That is beyond unacceptable. Once he got sick, if they had no intention of treating him, they should have euthanized him. Horrible. Beyond horrible. What on EARTH is this world coming to when a place called a "shelter" for animals allows one to suffer in such a way?


----------



## selzer (May 7, 2005)

Could this be written by a disgruntled or discharged employee? I mean, who else would know the timeline and how much attention to the dog was given? I guess you really have to wonder who would be in no position to do something, but would be in a position to know all of this, and write it up?


----------



## Mrs.K (Jul 14, 2009)

selzer said:


> Could this be written by a disgruntled or discharged employee? I mean, who else would know the timeline and how much attention to the dog was given? I guess you really have to wonder who would be in no position to do something, but would be in a position to know all of this, and write it up?


I've worked with the person who wrote this. She's not a disgruntled or discharged employee. There are many many things going seriously wrong at that place.


----------



## selzer (May 7, 2005)

Mrs.K said:


> I've worked with the person who wrote this. She's not a disgruntled or discharged employee. There are many many things going seriously wrong at that place.

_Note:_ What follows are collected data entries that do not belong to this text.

(* Let $q \ge 2$ be a prime and $n \ge 1$. Let $S \subset \mathbb{F}_q^n \times \mathbb{F}_q^n$ be a set containing no three points of the form $$(x,y),\ (x,y+d),\ (x+d,y')$$ with $x,y,y' \in \mathbb{F}_q^n$ and $d \in \mathbb{F}_q^n \setminus \{0\}$. Then $$|S| \le 3\, q^{(2-c_q)n},$$ where $c_q$ is the positive constant depending only on $q$ defined by $$q^{1-c_q} = \inf_{0<x<1} x^{-(q-1)/3}\,(1+x+\dots+x^{q-1}).$$ *)

theory Defs
  imports "HOL-Analysis.Analysis"
begin

text \<open>The vector space F_q^n (q prime) is modelled concretely: a vector is a function
  nat => nat with entries in {0..<q} at coordinates i < n and value 0 elsewhere;
  addition is coordinatewise modulo q.\<close>

definition Fqn :: "nat \<Rightarrow> nat \<Rightarrow> (nat \<Rightarrow> nat) set" where
  "Fqn q n = {v. (\<forall>i<n. v i < q) \<and> (\<forall>i\<ge>n. v i = 0)}"

definition vadd :: "nat \<Rightarrow> (nat \<Rightarrow> nat) \<Rightarrow> (nat \<Rightarrow> nat) \<Rightarrow> (nat \<Rightarrow> nat)" where
  "vadd q v w = (\<lambda>i. (v i + w i) mod q)"

definition c_const :: "nat \<Rightarrow> real" where
  "c_const q = 1 - log (real q)
     (INF x\<in>{0<..<1::real}. x powr (- (real q - 1) / 3) * (\<Sum>i<q. x ^ i))"

end

(*
  Fix x and let Y be the fibre of S over x, A = fst ` S.  By Fermat's little theorem the polynomial
  F(y1, y2, c) = prod_i (1 - (c_i - x_i - y2_i + y1_i)^(q-1)) is, modulo q, the indicator of
  c + y1 = x + y2.  As S contains no corner, for every weight v on A the matrix
  (sum over c in A of v(c) F(y1, y2, c)) indexed by Y x Y is diagonal with entries v(x).

  F has total degree at most (q-1)n, so each of its monomials has degree at most (q-1)n/3 in y1, in y2
  or in c.  If v kills all moments of degree at most (q-1)n/3 on A, the monomials of low degree in c
  disappear and the remaining ones exhibit the diagonal matrix as a sum of at most 2M products, M being
  the number of low-degree exponents; hence |Y| <= 2M when v(x) is nonzero mod q.  Linear algebra
  mod q provides such a v for all but at most M points x, so |S| <= 2M q^n + M q^n.  Finally
  M <= (q^(1 - c_q))^n, by weighting each low-degree exponent a with t^(deg a - (q-1)n/3), 0 < t < 1.
*)
theory Submission
  imports Defs "HOL-Number_Theory.Number_Theory"
begin

section \<open>Linear algebra modulo a prime\<close>

lemma exists_nontrivial_solution_mod_prime:
  fixes p :: int and L :: "'j \<Rightarrow> 'k \<Rightarrow> int"
  assumes "prime p" and "finite J" and "finite K" and "card J < card K"
  shows "\<exists>w. (\<exists>k\<in>K. \<not> p dvd w k) \<and> (\<forall>j\<in>J. p dvd (\<Sum>k\<in>K. L j k * w k))"
  using assms(2-4)
proof (induction J arbitrary: K L rule: finite_induct)
  case empty
  then obtain k where "k \<in> K"
    by fastforce
  moreover have "\<not> p dvd 1"
    using assms(1) by (meson not_prime_unit)
  ultimately show ?case
    by (intro exI[of _ "\<lambda>k'. if k' = k then 1 else 0"]) auto
next
  case (insert j J)
  show ?case
  proof (cases "\<forall>k\<in>K. p dvd L j k")
    case True
    from insert.IH[of K L] insert.prems insert.hyps obtain w where
      w: "\<exists>k\<in>K. \<not> p dvd w k" "\<forall>j\<in>J. p dvd (\<Sum>k\<in>K. L j k * w k)"
      by auto
    moreover have "p dvd (\<Sum>k\<in>K. L j k * w k)"
      using True by (intro dvd_sum) auto
    ultimately show ?thesis
      by auto
  next
    case False
    then obtain k0 where k0: "k0 \<in> K" "\<not> p dvd L j k0"
      by auto
    define K' where "K' = K - {k0}"
    \<comment> \<open>Eliminate the unknown at k0 by means of equation j.\<close>
    define L' where "L' j' k = L j' k * L j k0 - L j' k0 * L j k" for j' k
    have "finite K'" "card J < card K'"
      using insert k0 by (auto simp: K'_def)
    from insert.IH[OF this, of L'] obtain w' where
      w': "\<exists>k\<in>K'. \<not> p dvd w' k" "\<forall>j\<in>J. p dvd (\<Sum>k\<in>K'. L' j k * w' k)"
      by blast
    define w where "w k = (if k = k0 then - (\<Sum>k\<in>K'. L j k * w' k) else L j k0 * w' k)" for k
    have split: "(\<Sum>k\<in>K. f k) = f k0 + (\<Sum>k\<in>K'. f k)" for f :: "_ \<Rightarrow> int"
      using insert.prems(1) k0(1) by (simp add: K'_def sum.remove)
    have w_K': "w k = L j k0 * w' k" if "k \<in> K'" for k
      using that by (simp add: K'_def w_def)
    have "(\<Sum>k\<in>K. L j k * w k) = 0"
      unfolding split using w_K' by (simp add: w_def sum_distrib_left algebra_simps)
    moreover have "(\<Sum>k\<in>K. L j' k * w k) = (\<Sum>k\<in>K'. L' j' k * w' k)" for j'
      unfolding split using w_K'
      by (simp add: w_def L'_def sum_distrib_left sum_subtractf algebra_simps)
    moreover have "\<exists>k\<in>K. \<not> p dvd w k"
    proof -
      from w'(1) obtain k1 where k1: "k1 \<in> K'" "\<not> p dvd w' k1"
        by blast
      then have "\<not> p dvd w k1"
        using w_K' k0(2) prime_dvd_mult_iff[OF assms(1)] by auto
      with k1 show ?thesis
        by (auto simp: K'_def)
    qed
    ultimately show ?thesis
      using w'(2) by auto
  qed
qed
(* For all integers $0\le s\le r$, $$\sum_{\rho=s}^{r}\mathcal G^r_\rho\,a^{(2\rho)}_s=(2r)!\binom rs,\qquad \sum_{\rho=s}^{r}\mathcal G^r_\rho\,a^{(2\rho+1)}_s=(2r+1)!\binom rs .$$
   Context: The integers $\mathcal G^r_\rho$ ($0\le\rho\le r$) are defined by $\mathcal G^0_0=1$, $\mathcal G^r_{-1}=\mathcal G^r_{r+1}=0$, and $\mathcal G^r_\rho=(2r-1)^2\mathcal G^{r-1}_\rho+\mathcal G^{r-1}_{\rho-1}$ for $r\ge1$. Stern's coefficients $a^{(n)}_k$ are the unique numbers such that, for all integers $\rho\ge0$ and real $x$, $\frac{d^{2\rho}}{dx^{2\rho}}\operatorname{sech}x=(-1)^\rho\operatorname{sech}x\sum_{k=0}^{\rho}(-1)^k a^{(2\rho)}_k\tanh^{2k}x$ and $\frac{d^{2\rho+1}}{dx^{2\rho+1}}\operatorname{sech}x=(-1)^{\rho+1}\operatorname{sech}x\,\tanh x\sum_{k=0}^{\rho}(-1)^k a^{(2\rho+1)}_k\tanh^{2k}x$. *)

theory Defs
  imports "HOL-Analysis.Analysis"
begin

fun G :: "nat \<Rightarrow> nat \<Rightarrow> int" where
  "G 0 \<rho> = (if \<rho> = 0 then 1 else 0)"
| "G (Suc r) \<rho> = (2 * int r + 1)^2 * G r \<rho> + (if \<rho> = 0 then 0 else G r (\<rho> - 1))"

definition sech :: "real \<Rightarrow> real" where
  "sech x = 1 / cosh x"

definition stern :: "nat \<Rightarrow> nat \<Rightarrow> real" where
  "stern n = (THE a. (\<forall>k > n div 2. a k = 0) \<and>
     (\<forall>x::real. ((deriv :: (real \<Rightarrow> real) \<Rightarrow> real \<Rightarrow> real) ^^ n) sech x =
        (if even n
         then (-1)^(n div 2) * sech x * (\<Sum>k\<le>n div 2. (-1)^k * a k * tanh x ^ (2*k))
         else (-1)^(n div 2 + 1) * sech x * tanh x * (\<Sum>k\<le>n div 2. (-1)^k * a k * tanh x ^ (2*k)))))"

end

theory Submission
  imports Defs "HOL-Computational_Algebra.Polynomial"
begin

Alrighty then, could you tell us how someone could no the dog's intake day, behavior rating, when it got the cough, whether or not it was treated by the vet ever, how high its temperature was, and how and when the callous decision was made to just let the animal die? And that person did absolutely nothing to help the dog in question? How does that work?


----------



## Mrs.K (Jul 14, 2009)

The ACC in NY is pretty much known to neglect dogs. That is why there is an entire facebook network trying to pull as many dogs as they can as fast as possible. I've had three fosters from NYC ACC


----------



## selzer (May 7, 2005)

I am really not surprised. Cleveland, when I was a kid used to electrocute dogs. You could smell the shelter from the bus stop. My brother and I went down their looking for our dog. It was gruesome. This was back in the seventies, so a couple of years ago. People used to sue them for putting dogs down before the three days were up. 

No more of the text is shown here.